Start of INPUT DATA
lemma integrable_exp_neg_mult_norm_powr:
  fixes U :: "'a::euclidean_space \<Rightarrow> real" and p a R :: real
  assumes [measurable]: "U \<in> borel_measurable borel"
    and U_int: "integrable lborel (\<lambda>x. exp (- U x))"
    and p: "p \<ge> 1" and a: "a > 0"
    and growth: "\<And>x. R \<le> norm x \<Longrightarrow> a * norm x powr p \<le> U x"
  shows "integrable lborel (\<lambda>x. exp (- U x) * norm x powr p)"
proof -
  define R' where "R' = max R 1"
  define \<beta> where "\<beta> = a / (2 * DIM('a))"
  have \<beta>: "\<beta> > 0" using a by (simp add: \<beta>_def)
  let ?bound = "\<lambda>x. R' powr p * exp (- U x) + (2 / a) * exp (- \<beta> * (\<Sum>b\<in>Basis. \<bar>x \<bullet> b\<bar>))"
  have "exp (- U x) * norm x powr p \<le> ?bound x" for x :: 'a
  proof (cases "norm x < R'")
    case True
    then have "norm x powr p \<le> R' powr p" using p by (intro powr_mono2) auto
    then have "exp (- U x) * norm x powr p \<le> R' powr p * exp (- U x)"
      by (simp add: mult.commute)
    moreover have "0 \<le> (2 / a) * exp (- \<beta> * (\<Sum>b\<in>Basis. \<bar>x \<bullet> b\<bar>))" using a by simp
    ultimately show ?thesis by linarith
  next
    case False
    define s where "s = norm x powr p"
    have "norm x \<ge> 1" "R \<le> norm x" using False by (auto simp: R'_def)
    then have s: "norm x \<le> s" and U: "a * s \<le> U x"
      using powr_mono[OF p, of "norm x"] growth by (auto simp: s_def)
    have "\<beta> * (\<Sum>b\<in>Basis. \<bar>x \<bullet> b\<bar>) \<le> \<beta> * (DIM('a) * norm x)"
      using \<beta> sum_Basis_abs_inner_le[of x] by (intro mult_left_mono) auto
    also have "\<dots> \<le> a * s / 2" using s a by (simp add: \<beta>_def)
    finally have l1: "exp (- a * s / 2) \<le> exp (- \<beta> * (\<Sum>b\<in>Basis. \<bar>x \<bullet> b\<bar>))" by simp
    have "exp (- U x) \<le> exp (- a * s)" using U by simp
    moreover have "0 \<le> s" using s norm_ge_zero[of x] by linarith
    ultimately have "exp (- U x) * s \<le> s * exp (- a * s)"
      by (metis mult.commute mult_right_mono)
    also have "\<dots> \<le> (2 / a) * exp (- a * s / 2)"
      using mult_exp_neg_le[OF a] .
    also have "\<dots> \<le> (2 / a) * exp (- \<beta> * (\<Sum>b\<in>Basis. \<bar>x \<bullet> b\<bar>))"
      using l1 a by (intro mult_left_mono) auto
    finally have "exp (- U x) * norm x powr p \<le> (2 / a) * exp (- \<beta> * (\<Sum>b\<in>Basis. \<bar>x \<bullet> b\<bar>))"
      by (simp only: s_def)
    moreover have "0 \<le> R' powr p * exp (- U x)" by simp
    ultimately show ?thesis by linarith
  qed
  then have "AE x in lborel. norm (exp (- U x) * norm x powr p) \<le> norm (?bound x)"
    using a by (intro AE_I2) simp
  moreover have "integrable lborel ?bound"
    using U_int integrable_exp_neg_l1_norm[OF \<beta>, where 'a='a]
    by (intro Bochner_Integration.integrable_add integrable_mult_right)
  moreover have "(\<lambda>x. exp (- U x) * norm x powr p) \<in> borel_measurable lborel"
    by measurable
  ultimately show ?thesis
    using Bochner_Integration.integrable_bound by blast
qed

lemma powr_growth_of_Liminf_pos:
  fixes U :: "'a::real_normed_vector \<Rightarrow> real"
  assumes "Liminf at_infinity (\<lambda>x. ereal (U x / norm x powr p)) > 0"
  obtains a R where "a > 0" "\<And>x. R \<le> norm x \<Longrightarrow> a * norm x powr p \<le> U x"
proof -
  obtain y where y: "0 < y" "y < Liminf at_infinity (\<lambda>x. ereal (U x / norm x powr p))"
    using dense[OF assms] by blast
  obtain a where a: "a > 0" "ereal a < Liminf at_infinity (\<lambda>x. ereal (U x / norm x powr p))"
  proof (cases y)
    case (real r)
    then show ?thesis using y that by auto
  qed (use y in auto)
  obtain b where b: "\<And>x. b \<le> norm x \<Longrightarrow> a < U x / norm x powr p"
    using less_LiminfD[OF a(2)] unfolding eventually_at_infinity by auto
  have "a * norm x powr p \<le> U x" if "max b 1 \<le> norm x" for x
  proof -
    have "norm x > 0" using that by linarith
    then have "norm x powr p > 0" by simp
    then show ?thesis using b[of x] that by (simp add: pos_less_divide_eq)
  qed
  with a(1) show ?thesis by (rule that)
qed

lemma abs_exp_diff_le:
  fixes s t K :: real
  assumes "s \<le> K" "t \<le> K"
  shows "\<bar>exp s - exp t\<bar> \<le> exp K * \<bar>s - t\<bar>"
proof -
  have *: "exp v - exp u \<le> exp K * (v - u)" if "u \<le> v" "v \<le> K" for u v :: real
  proof -
    have "1 - exp (u - v) \<le> v - u" using exp_ge_add_one_self[of "u - v"] by linarith
    then have "exp v * (1 - exp (u - v)) \<le> exp v * (v - u)" by (intro mult_left_mono) auto
    also have "\<dots> \<le> exp K * (v - u)" using that by (intro mult_right_mono) auto
    finally show ?thesis by (simp add: algebra_simps exp_diff)
  qed
  show ?thesis
    using *[of s t] *[of t s] assms by (cases "s \<le> t") (auto simp: abs_if)
qed

lemma abs_divide_diff_le:
  fixes a b y z :: real
  assumes "y > 0" "z > 0"
  shows "\<bar>a / y - b / z\<bar> \<le> \<bar>a - b\<bar> / y + \<bar>b\<bar> * \<bar>y - z\<bar> / (y * z)"
proof -
  have "a / y - b / z = (a - b) / y + b * (z - y) / (y * z)"
    using assms by (simp add: field_simps)
  also have "\<bar>\<dots>\<bar> \<le> \<bar>(a - b) / y\<bar> + \<bar>b * (z - y) / (y * z)\<bar>"
    by (rule abs_triangle_ineq)
  also have "\<dots> = \<bar>a - b\<bar> / y + \<bar>b\<bar> * \<bar>y - z\<bar> / (y * z)"
    using assms by (simp add: abs_mult abs_minus_commute)
  finally show ?thesis .
qed

definition gibbs_partition :: "('a::euclidean_space \<Rightarrow> real) \<Rightarrow> ('a \<Rightarrow> real) \<Rightarrow> real" where
  "gibbs_partition U h = (\<integral>x. exp (- h x - U x) \<partial>lborel)"

definition gibbs_density :: "('a::euclidean_space \<Rightarrow> real) \<Rightarrow> ('a \<Rightarrow> real) \<Rightarrow> 'a \<Rightarrow> real" where
  "gibbs_density U h x = exp (- h x - U x) / gibbs_partition U h"

locale normalized_potential =
  fixes U :: "'a::euclidean_space \<Rightarrow> real"
  assumes measurable_U [measurable]: "U \<in> borel_measurable borel"
    and integrable_exp_neg_U: "integrable lborel (\<lambda>x. exp (- U x))"
    and integral_exp_neg_U: "(\<integral>x. exp (- U x) \<partial>lborel) = 1"
begin

lemma exp_perturbed_bounds:
  fixes h :: "'a \<Rightarrow> real"
  assumes "\<bar>h x\<bar> \<le> K"
  shows "exp (- K) * exp (- U x) \<le> exp (- h x - U x)"
    and "exp (- h x - U x) \<le> exp K * exp (- U x)"
  using assms by (simp_all add: exp_diff[symmetric] exp_add[symmetric] abs_le_iff)

lemma integrable_exp_perturbed:
  assumes [measurable]: "h \<in> borel_measurable borel" and "\<And>x. \<bar>h x\<bar> \<le> K"
  shows "integrable lborel (\<lambda>x. exp (- h x - U x))"
proof (rule Bochner_Integration.integrable_bound)
  show "integrable lborel (\<lambda>x. exp K * exp (- U x))"
    using integrable_exp_neg_U by (rule integrable_mult_right)
  show "AE x in lborel. norm (exp (- h x - U x)) \<le> norm (exp K * exp (- U x))"
    using exp_perturbed_bounds(2) assms(2) by (intro AE_I2) simp
qed measurable

lemma gibbs_partition_bounds:
  assumes [measurable]: "h \<in> borel_measurable borel" and h: "\<And>x. \<bar>h x\<bar> \<le> K"
  shows "exp (- K) \<le> gibbs_partition U h" and "gibbs_partition U h \<le> exp K"
proof -
  have int: "integrable lborel (\<lambda>x. exp (- h x - U x))"
    by (rule integrable_exp_perturbed[OF assms])
  have "(\<integral>x. exp (- K) * exp (- U x) \<partial>lborel) \<le> gibbs_partition U h"
    unfolding gibbs_partition_def
    using integrable_exp_neg_U int exp_perturbed_bounds(1)[OF h] by (intro integral_mono) auto
  then show "exp (- K) \<le> gibbs_partition U h"
    using integral_exp_neg_U by simp
  have "gibbs_partition U h \<le> (\<integral>x. exp K * exp (- U x) \<partial>lborel)"
    unfolding gibbs_partition_def
    using integrable_exp_neg_U int exp_perturbed_bounds(2)[OF h] by (intro integral_mono) auto
  then show "gibbs_partition U h \<le> exp K"
    using integral_exp_neg_U by simp
qed

lemma gibbs_partition_pos:
  assumes "h \<in> borel_measurable borel" and "\<And>x. \<bar>h x\<bar> \<le> K"
  shows "gibbs_partition U h > 0"
  using exp_gt_zero gibbs_partition_bounds(1)[OF assms] by (rule less_le_trans)

lemma abs_exp_perturbed_diff_le:
  fixes h1 h2 :: "'a \<Rightarrow> real"
  assumes "\<bar>h1 x\<bar> \<le> K" "\<bar>h2 x\<bar> \<le> K" "\<bar>h1 x - h2 x\<bar> \<le> \<delta>"
  shows "\<bar>exp (- h1 x) - exp (- h2 x)\<bar> \<le> exp K * \<delta>"
proof -
  have "\<bar>exp (- h1 x) - exp (- h2 x)\<bar> \<le> exp K * \<bar>- h1 x - - h2 x\<bar>"
    using assms by (intro abs_exp_diff_le) auto
  also have "\<dots> \<le> exp K * \<delta>"
    using assms(3) by (simp add: abs_minus_commute)
  finally show ?thesis .
qed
End of INPUT DATA
> _ABOUT THIS EXERCISE_:
The response consists of the lines above that contain "cases".

> _OUTPUT OF THE EXERCISE_:
  proof (cases "norm x < R'")
  proof (cases y)
    using *[of s t] *[of t s] assms by (cases "s \<le> t") (auto simp: abs_if)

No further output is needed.